LexShares sources new opportunities within growing litigation financing market

Litigation financing is expanding to Main Street. It is estimated that the U.S. litigation finance market size has increased to about $9.5 billion from $5 billion in early 2010s.

A larger number of institutional investors such as Harvard’s Endowment and sovereign wealth funds all have made recent investments into litigation finance vehicles. On the receiving end, Lake Whillans & Above the Law study shows a 30% year-to-year increase in the percentage of respondents from the legal community who had firsthand experience with litigation finance.

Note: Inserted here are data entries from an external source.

text \<open>Let S be the shift. If P is a rank-k projection with P S P = \<mu> P and x \<noteq> 0 lies in the
  range of P, then \<langle>x, S x\<rangle> = \<langle>x, P S x\<rangle> = \<mu> |x|^2, and since S is an isometry
  |S x - \<mu> x|^2 = (1 - |\<mu>|^2) |x|^2. Hence |\<mu>| \<le> 1, and |\<mu>| = 1 would make x an
  eigenvector of S, which has none.

  Conversely, for |\<mu>| < 1 there is a finitely supported unit vector u with \<langle>u, S u\<rangle> = \<mu>.
  Shifting u by multiples of a length exceeding its support gives k orthonormal vectors u_m with
  \<langle>u_m, S u_n\<rangle> = \<mu> \<delta>_mn, and the projection onto their span compresses S to \<mu>.\<close>

lemma l2_inner_summable:
  assumes "x \<in> l2" "y \<in> l2"
  shows "(\<lambda>i. cnj (x i) * y i) summable_on UNIV"
proof -
  have S: "(\<lambda>i. (cmod (x i))\<^sup>2 + (cmod (y i))\<^sup>2) summable_on UNIV"
    using assms by (intro summable_on_add) (auto simp: l2_def)
  have bound: "norm (cnj (x i) * y i) \<le> (cmod (x i))\<^sup>2 + (cmod (y i))\<^sup>2" for i
  proof -
    have "norm (cnj (x i) * y i) = cmod (x i) * cmod (y i)"
      by (simp add: norm_mult)
    also have "\<dots> \<le> (cmod (x i))\<^sup>2 + (cmod (y i))\<^sup>2"
      using sum_squares_bound[of "cmod (x i)" "cmod (y i)"]
        mult_nonneg_nonneg[OF norm_ge_zero norm_ge_zero, of "x i" "y i"]
      unfolding power2_eq_square by linarith
    finally show ?thesis .
  qed
  have "(\<lambda>i. norm (cnj (x i) * y i)) summable_on UNIV"
    by (rule summable_on_comparison_test[OF S]) (simp_all add: bound)
  then show ?thesis
    by (rule abs_summable_summable)
qed

lemma l2_scale: "x \<in> l2 \<Longrightarrow> (\<lambda>i. a * x i) \<in> l2"
  by (auto simp: l2_def norm_mult power_mult_distrib intro: summable_on_cmult_right)

lemma l2_add:
  assumes "x \<in> l2" "y \<in> l2"
  shows "(\<lambda>i. x i + y i) \<in> l2"
proof -
  have S: "(\<lambda>i. 2 * (cmod (x i))\<^sup>2 + 2 * (cmod (y i))\<^sup>2) summable_on UNIV"
    using assms by (intro summable_on_add summable_on_cmult_right) (auto simp: l2_def)
  have bound: "(cmod (x i + y i))\<^sup>2 \<le> 2 * (cmod (x i))\<^sup>2 + 2 * (cmod (y i))\<^sup>2" for i
  proof -
    have "(cmod (x i + y i))\<^sup>2 \<le> (cmod (x i) + cmod (y i))\<^sup>2"
      by (intro power_mono norm_triangle_ineq) auto
    also have "\<dots> \<le> 2 * (cmod (x i))\<^sup>2 + 2 * (cmod (y i))\<^sup>2"
      using sum_squares_bound[of "cmod (x i)" "cmod (y i)"] by (simp add: power2_sum)
    finally show ?thesis .
  qed
  show ?thesis
    unfolding l2_def mem_Collect_eq
    by (rule summable_on_comparison_test[OF S]) (simp_all add: bound)
qed

lemma l2_sum:
  assumes "finite A" "\<And>a. a \<in> A \<Longrightarrow> f a \<in> l2"
  shows "(\<lambda>i. \<Sum>a\<in>A. c a * f a i) \<in> l2"
  using assms
proof (induction A rule: finite_induct)
  case empty
  then show ?case by (simp add: l2_def)
next
  case (insert a A)
  then show ?case by (simp add: l2_add l2_scale)
qed

lemma l2_inner_commute: "l2_inner y x = cnj (l2_inner x y)"
  unfolding l2_inner_def infsum_cnj[symmetric] by (simp add: mult.commute)

lemma l2_inner_scale_right: "l2_inner x (\<lambda>i. a * y i) = a * l2_inner x y"
  unfolding l2_inner_def by (simp add: algebra_simps infsum_cmult_right')

lemma l2_inner_add_right:
  assumes "x \<in> l2" "y \<in> l2" "z \<in> l2"
  shows "l2_inner x (\<lambda>i. y i + z i) = l2_inner x y + l2_inner x z"
  unfolding l2_inner_def
  by (simp add: distrib_left infsum_add l2_inner_summable assms)

lemma l2_inner_sum_right:
  assumes "finite A" "x \<in> l2" "\<And>a. a \<in> A \<Longrightarrow> f a \<in> l2"
  shows "l2_inner x (\<lambda>i. \<Sum>a\<in>A. c a * f a i) = (\<Sum>a\<in>A. c a * l2_inner x (f a))"
  using assms(1,3)
proof (induction A rule: finite_induct)
  case empty
  then show ?case by (simp add: l2_inner_def)
next
  case (insert a A)
  then show ?case
    by (simp add: l2_inner_add_right l2_inner_scale_right l2_scale l2_sum assms(2))
qed

lemma l2_inner_scale_left: "l2_inner (\<lambda>i. a * x i) y = cnj a * l2_inner x y"
  by (metis l2_inner_commute l2_inner_scale_right complex_cnj_mult)

lemma l2_inner_add_left:
  assumes "x \<in> l2" "y \<in> l2" "z \<in> l2"
  shows "l2_inner (\<lambda>i. x i + y i) z = l2_inner x z + l2_inner y z"
  using l2_inner_add_right[OF assms(3,1,2)] by (metis l2_inner_commute complex_cnj_add)

lemma l2_inner_eq_0_if_disjoint_support:
  assumes "\<And>i. x i = 0 \<or> y i = 0"
  shows "l2_inner x y = 0"
  unfolding l2_inner_def by (rule infsum_0) (use assms in auto)

definition l2_normsq :: "('i \<Rightarrow> complex) \<Rightarrow> real" where
  "l2_normsq x = (\<Sum>\<^sub>\<infinity>i. (cmod (x i))\<^sup>2)"

lemma l2_inner_self:
  assumes "x \<in> l2"
  shows "l2_inner x x = of_real (l2_normsq x)"
proof -
  have "((\<lambda>i. (cmod (x i))\<^sup>2) has_sum l2_normsq x) UNIV"
    using assms unfolding l2_def l2_normsq_def by (simp add: has_sum_infsum)
  then have "((\<lambda>i. of_real ((cmod (x i))\<^sup>2)) has_sum (of_real (l2_normsq x) :: complex)) UNIV"
    by (rule has_sum_of_real)
  then show ?thesis
    unfolding l2_inner_def complex_norm_square by (simp add: mult.commute infsumI)
qed

lemma l2_normsq_nonneg: "l2_normsq x \<ge> 0"
  unfolding l2_normsq_def by (simp add: infsum_nonneg)

lemma l2_normsq_eq_0_iff:
  assumes "x \<in> l2"
  shows "l2_normsq x = 0 \<longleftrightarrow> x = (\<lambda>i. 0)"
proof
  assume "l2_normsq x = 0"
  then have "(cmod (x i))\<^sup>2 = 0" for i
    using assms unfolding l2_normsq_def l2_def by (intro nonneg_infsum_le_0D) auto
  then show "x = (\<lambda>i. 0)" by auto
qed (simp add: l2_normsq_def)

lemma l2_normsq_compression_defect:
  assumes "orth_proj P" "x \<in> l2" "y \<in> l2" "P x = x" "P y = (\<lambda>i. \<mu> * x i)"
  shows "l2_normsq (\<lambda>i. y i - \<mu> * x i) = l2_normsq y - (cmod \<mu>)\<^sup>2 * l2_normsq x"
proof -
  have xy: "l2_inner x y = \<mu> * l2_inner x x"
  proof -
    have "l2_inner x y = l2_inner (P x) y" using assms(4) by simp
    also have "\<dots> = l2_inner x (P y)" using assms(1-3) by (simp add: orth_proj_def)
    finally show ?thesis by (simp add: assms(5) l2_inner_scale_right)
  qed
  have w: "(\<lambda>i. y i - \<mu> * x i) = (\<lambda>i. y i + (- \<mu>) * x i)" by simp
  have "of_real (l2_normsq (\<lambda>i. y i + (- \<mu>) * x i))
      = l2_inner (\<lambda>i. y i + (- \<mu>) * x i) (\<lambda>i. y i + (- \<mu>) * x i)"
    using assms(2,3) by (intro l2_inner_self[symmetric] l2_add l2_scale)
  also have "\<dots> = l2_inner y y + (- \<mu>) * l2_inner y x
      + cnj (- \<mu>) * (l2_inner x y + (- \<mu>) * l2_inner x x)"
    by (simp only: l2_inner_add_left l2_inner_add_right l2_inner_scale_left
        l2_inner_scale_right l2_add l2_scale assms(2,3) distrib_left add.assoc)
  also have "\<dots> = of_real (l2_normsq y - (cmod \<mu>)\<^sup>2 * l2_normsq x)"
    using l2_inner_commute[of y x]
    by (simp add: xy l2_inner_self assms(2,3) algebra_simps)
      (simp add: complex_norm_square[symmetric])
  finally show ?thesis unfolding w of_real_eq_iff .
qed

LexShares, a Boston-based commercial litigation funding firm founded in 2014, is an online litigation financing entity. On the heels of the company’s 100th legal claim investment milestone, it opened its second litigation finance fund — LexShares Marketplace Fund II (LMFII) with a $100 million target on June 10.

“We held an initial closing of $37 million only three weeks after LexShares Marketplace Fund II was launched on the platform,” said Jay Greenberg, co-founder and CEO of LexShares. “We now begin deploying capital out of LexShares Marketplace Fund II into commercial litigation legal claims.”

Investors’ strong interest, Greenberg said, can be attributed to three unique qualities of the litigation finance asset class: its uncorrelated nature, moderate investment cycles and the natural resolution event. The potential return associated with that particular investment is insulated from macroeconomic factors outside the legal process.

On average, a civil lawsuit in the United States takes 27 months from filing to disposition – 15 months median duration for LexShares’ all resolved investments as of June 10, 2020. And once the case reaches resolution either being adjudicated or settled, the investment will reach a certain finality.

“In light of the current macroeconomic volatility, I think a lot of investors are looking for places where they can potentially reduce their public equity exposure and rotate into something a bit more uncorrelated from potential macroeconomic trends,” said Greenberg.

Since inception, LexShares has strategically positioned itself in the commercial legal claims sector. It finances case types like breach of contract or antitrust where both litigants are business entities. It also does portfolio funding where financing is provided to law firms collateralized by a docket of commercial legal claims.

Investors were attracted to LexShares team’s strong track record. In the whistleblower case US ex rel. Jennifer Perez v. Stericycle, Inc, et al, LexShares’ investors were able to provide the plaintiff quick access to much-needed non-recourse capital in early 2015 and Stericycle settled the case for $28.5 million in late 2015. It was a 93% annualized return on the investment.

The other way to gain exposure to the asset class is by investing in LexShares Marketplace Fund. LexShares’ first discretionary fund – LexShares Marketplace Fund I (LMFI) was launched in September 2017 to provide additional diversification because the singular case offerings were often filled within hours. This fully subscribed vehicle of $25 million has been deployed into each individual case investment opportunity on LexShares platform.

As of April 30, LexShares has invested in 103 case offerings since the firm’s inception or 16 on average each year. A total of 43 investments have resolved, resulting in a 52% median IRR net of fees and expenses. LexShares’ average investment per case offering, as the result of six years of solid growth, has increased to approximately $1.5 million over the last 12 months, up from approximately $845,000 in the 12 months prior to that.

Technology has been a key differentiator for LexShares. Its proprietary case origination software Diamond Mine scours federal and over a 100 state court dockets for potential investment opportunity. It enables LexShares’ business development team to proactively reach out to plaintiffs and lawyers in a timely manner.

“At LexShares, we are able to originate 70 qualified deals per full-time employee each year,” says Greenberg, “The Diamond Mine software accounts for about 75% of our deal flow.”

Greenberg believes the litigation finance industry still has a lot of room to grow. “Take a look at the amount and the number of cases that are being funded in the U.S. each year,” he added. “And then you look at the vast number of commercial cases that are filed each year … the market penetration for litigation funding is still extremely low.”